Let H_h be the finite element subspace satisfying your Dirichlet boundary condition. Notice that inner(p_h, div v_h)*dx = 0 for all v_h in H_h implies p_{h}=constant. It seems these values (referred as spurious pressure modes) deteriorate the finite element result, which is related to the non-uniqueness of the solution.Take a look at the following book (Section 3.2):

Elman, Howard C.; Silvester, David J.; Wathen, Andrew J. Finite elements and fast iterative solvers: with applications in incompressible fluid dynamics. Second edition. Numerical Mathematics and Scientific Computation. Oxford University Press, Oxford, 2014.

In particular, the authors mention that (see Section 3.3.2):

The basic idea behind stabilization is to relax the incompressibility constraint
in a special way so that the above situation is avoided.

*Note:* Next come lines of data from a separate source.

lemma continuous_convergence_rescale:
  fixes \<phi> :: "complex \<Rightarrow> real"
  assumes "isCont \<phi> 0"
  shows "continuous_convergence (\<lambda>t w. \<phi> (w / of_nat (t + m))) (\<lambda>_. \<phi> 0)"
  unfolding continuous_convergence_def
proof (intro allI impI)
  fix \<sigma> :: "nat \<Rightarrow> nat" and z :: "nat \<Rightarrow> complex" and w
  assume "strict_mono \<sigma>" "z \<longlonglongrightarrow> w"
  then have "strict_mono (\<lambda>n. \<sigma> n + m)" by (simp add: strict_mono_def)
  then have "(\<lambda>n. z n / of_nat (\<sigma> n + m)) \<longlonglongrightarrow> 0"
    by (intro tendsto_divide_0[OF \<open>z \<longlonglongrightarrow> w\<close>] filterlim_compose[OF tendsto_of_nat] filterlim_subseq)
  then show "(\<lambda>n. \<phi> (z n / of_nat (\<sigma> n + m))) \<longlonglongrightarrow> \<phi> 0"
    using assms by (rule isCont_tendsto_compose[rotated])
qed

lemma tendsto_zero_integral_scaled_Kpoly_shrink:
  fixes \<phi> :: "complex \<Rightarrow> real"
  assumes "b m \<noteq> 0" "0 < m" "isCont \<phi> 0"
  shows "(\<lambda>t. zero_integral (Kpoly (\<lambda>j. b j * scaled_deriv_coeff m t j) m) (\<lambda>w. \<phi> (w / of_nat (t + m))) / real m)
           \<longlonglongrightarrow> \<phi> 0"
proof -
  have "(\<lambda>t. zero_integral (Kpoly (\<lambda>j. b j * scaled_deriv_coeff m t j) m) (\<lambda>w. \<phi> (w / of_nat (t + m))))
      \<longlonglongrightarrow> zero_integral (fpoly b m) (\<lambda>_. \<phi> 0)"
    using assms(1,3) by (intro tendsto_zero_integral_scaled_Kpoly continuous_convergence_rescale)
  also have "zero_integral (fpoly b m) (\<lambda>_. \<phi> 0) = real m * \<phi> 0"
    using assms(1) by (simp add: zero_integral_const fpoly_eq_Kpoly degree_Kpoly Kpoly_neq_0)
  finally have "(\<lambda>t. zero_integral (Kpoly (\<lambda>j. b j * scaled_deriv_coeff m t j) m) (\<lambda>w. \<phi> (w / of_nat (t + m)))
      / real m) \<longlonglongrightarrow> real m * \<phi> 0 / real m"
    by (rule tendsto_divide) (use assms(2) in auto)
  also have "real m * \<phi> 0 / real m = \<phi> 0" using assms(2) by simp
  finally show ?thesis .
qed

lemma borel_measurable_zero_integral_scaled_Kpoly:
  assumes "continuous_on UNIV \<psi>"
  shows "(\<lambda>b. zero_integral (Kpoly (\<lambda>j. b j * c j) m) \<psi>) \<in> borel_measurable (borel :: (nat \<Rightarrow> complex) measure)"
proof -
  have "continuous_on UNIV (\<lambda>b::nat \<Rightarrow> complex. \<lambda>j. b j * c j)"
    by (intro continuous_on_coordinatewise_then_product continuous_on_mult continuous_on_const
        continuous_on_product_coordinates)
  then have "(\<lambda>b::nat \<Rightarrow> complex. \<lambda>j. b j * c j) \<in> borel_measurable borel"
    by (rule borel_measurable_continuous_onI)
  from measurable_comp[OF this borel_measurable_zero_integral_Kpoly[OF assms, of m]] show ?thesis
    by (simp add: o_def)
qed

section \<open>Almost sure convergence and shifts of i.i.d. sequences\<close>

lemma (in prob_space) tendsto_measure_deviation_of_AE_tendsto:
  fixes Y :: "nat \<Rightarrow> 'a \<Rightarrow> real"
  assumes "\<And>t. Y t \<in> borel_measurable M" "AE \<omega> in M. (\<lambda>t. Y t \<omega>) \<longlonglongrightarrow> c" "\<epsilon> > 0"
  shows "(\<lambda>t. measure M {\<omega>\<in>space M. \<bar>Y t \<omega> - c\<bar> > \<epsilon>}) \<longlonglongrightarrow> 0"
proof -
  define S where "S t = {\<omega>\<in>space M. \<bar>Y t \<omega> - c\<bar> > \<epsilon>}" for t
  have [measurable]: "Y t \<in> borel_measurable M" for t by (rule assms(1))
  have S: "S t \<in> sets M" for t unfolding S_def by measurable
  have "(\<lambda>t. integral\<^sup>L M (indicator (S t) :: 'a \<Rightarrow> real)) \<longlonglongrightarrow> integral\<^sup>L M (\<lambda>_. 0::real)"
  proof (rule integral_dominated_convergence[where w="\<lambda>_. 1"])
    show "AE \<omega> in M. (\<lambda>t. indicator (S t) \<omega> :: real) \<longlonglongrightarrow> 0"
      using assms(2)
    proof eventually_elim
      case (elim \<omega>)
      then have "eventually (\<lambda>t. \<bar>Y t \<omega> - c\<bar> < \<epsilon>) sequentially"
        using assms(3) by (simp add: tendsto_iff dist_real_def)
      then have "eventually (\<lambda>t. indicator (S t) \<omega> = (0::real)) sequentially"
        by eventually_elim (auto simp: S_def indicator_def)
      then show ?case by (rule tendsto_eventually)
    qed
  qed (use S in \<open>auto simp: indicator_def\<close>)
  then show ?thesis using S by (simp add: S_def)
qed

lemma (in prob_space) weak_conv_m_of_AE_tendsto:
  fixes Y :: "nat \<Rightarrow> 'a \<Rightarrow> real"
  assumes "\<And>t. Y t \<in> borel_measurable M" "Z \<in> borel_measurable M"
    and "AE \<omega> in M. (\<lambda>t. Y t \<omega>) \<longlonglongrightarrow> Z \<omega>"
  shows "weak_conv_m (\<lambda>t. distr M borel (Y t)) (distr M borel Z)"
proof (rule integral_bdd_continuous_conv_imp_weak_conv)
  fix f :: "real \<Rightarrow> real"
  assume cont: "\<And>x. isCont f x" and bdd: "\<And>x. \<bar>f x\<bar> \<le> 1"
  have [measurable]: "f \<in> borel_measurable borel"
    using cont by (intro borel_measurable_continuous_onI continuous_at_imp_continuous_on) auto
  have [measurable]: "Y t \<in> borel_measurable M" "Z \<in> borel_measurable M" for t by (fact assms)+
  have "(\<lambda>t. integral\<^sup>L M (\<lambda>x. f (Y t x))) \<longlonglongrightarrow> integral\<^sup>L M (\<lambda>x. f (Z x))"
  proof (rule integral_dominated_convergence[where w="\<lambda>_. 1"])
    show "AE x in M. (\<lambda>t. f (Y t x)) \<longlonglongrightarrow> f (Z x)"
      using assms(3) by eventually_elim (rule isCont_tendsto_compose[OF cont])
  qed (use bdd in auto)
  then show "(\<lambda>t. integral\<^sup>L (distr M borel (Y t)) f) \<longlonglongrightarrow> integral\<^sup>L (distr M borel Z) f"
    by (simp add: integral_distr)
qed (use assms in auto)

lemma measure_Collect_eq_of_distr_eq:
  assumes "X \<in> borel_measurable M" "Y \<in> borel_measurable M" "distr M borel X = distr M borel Y"
    and "{x. P x} \<in> sets borel"
  shows "measure M {\<omega>\<in>space M. P (X \<omega>)} = measure M {\<omega>\<in>space M. P (Y \<omega>)}"
  using measure_distr[OF assms(1,4)] measure_distr[OF assms(2,4)] assms(3)
  by (simp add: vimage_def Int_def conj_commute)

lemma (in prob_space) AE_neq_of_distr_eq:
  fixes X Y :: "'a \<Rightarrow> 'b::t1_space"
  assumes "X \<in> borel_measurable M" "Y \<in> borel_measurable M" "distr M borel X = distr M borel Y"
    and "measure M {\<omega>\<in>space M. Y \<omega> = c} = 0"
  shows "AE \<omega> in M. X \<omega> \<noteq> c"
proof -
  have "measure M {\<omega>\<in>space M. X \<omega> = c} = 0"
    using measure_Collect_eq_of_distr_eq[OF assms(1-3), of "\<lambda>x. x = c"] assms(4) by simp
  moreover have "{\<omega>\<in>space M. X \<omega> = c} \<in> sets M" using assms(1) by measurable
  ultimately show ?thesis by (simp add: AE_iff_measurable[OF _ refl] emeasure_eq_measure)
qed

lemma weak_conv_m_offset:
  assumes "weak_conv_m (\<lambda>t. \<mu> (t + k)) \<nu>"
  shows "weak_conv_m \<mu> \<nu>"
  using assms unfolding weak_conv_m_def weak_conv_def by (blast intro: LIMSEQ_offset)

locale iid_sequence = prob_space M for M :: "'a measure" +
  fixes \<xi> :: "nat \<Rightarrow> 'a \<Rightarrow> 'b::second_countable_topology"
  assumes random_variable_\<xi>: "\<And>k. \<xi> k \<in> borel_measurable M"
    and indep_\<xi>: "indep_vars (\<lambda>_. borel) \<xi> UNIV"
    and distr_\<xi>: "\<And>k. distr M borel (\<xi> k) = distr M borel (\<xi> 0)"
begin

For your code you could, instead, consider:

import matplotlib
matplotlib.use('Agg')
from matplotlib import ticker
import matplotlib.pyplot as plt
from dolfin import *
from mshr import *

def epsilon(u):
  return grad(u)+nabla_grad(u)

b=2
embryo = Ellipse(Point(0.0, 0.0), 1, b)
mesh = generate_mesh(embryo, 32)

# Define function spaces
P2 = VectorElement('CG', triangle, 5)
P1 = FiniteElement('CG', triangle, 4)
TH = MixedElement([P2, P1])
W = FunctionSpace(mesh, TH)
g = Constant(0.0)
mu = Constant(1.0)
force = Constant((0.0, 0.0))

# Specify Boundary Conditions
boundary = 'on_boundary'
flow_profile = ('-sin(atan2(x[1]/b,x[0]))*sin(nharmonic*atan2(x[1]/b,x[0]))','cos(atan2(x[1]/b,x[0]))*sin(nharmonic*atan2(x[1]/b,x[0]))')
bcu = DirichletBC(W.sub(0), Expression(flow_profile, degree=5, b=b, nharmonic=2), boundary)
bc = [bcu]

# Define trial and test functions
(u, p) = TrialFunctions(W)
(v, q) = TestFunctions(W)

h = mesh.hmax()
beta = Constant(0.001)

a1 = inner( mu*epsilon(u)-p*Identity(2), nabla_grad(v))*dx - div(u)*q*dx - inner(pow(h,2)*beta*nabla_grad(p),nabla_grad(q))*dx
L1 = dot(force,v)*dx + g*q*dx
print('Preliminaries Done')

# Solve system
U = Function(W)
solve(a1==L1, U, bc)
print('Solving Done')

# Get sub-functions
u, p = U.split()

folder='./'
fig=plot(u, title='Velocity')
plt.colorbar(fig)
plt.savefig(folder+'vel.png', dpi=1000)
plt.close()
print('Plotting Done')

This results in:

*b=0.5

**b=2


Other stabilization techniques can be found in the above book, all of them with pros and cons.

Nevermind, I was being stupid. I was asking for an incompressible solution but because of a typo, the boundary conditions are incorrect. You don’t need a stabilization element.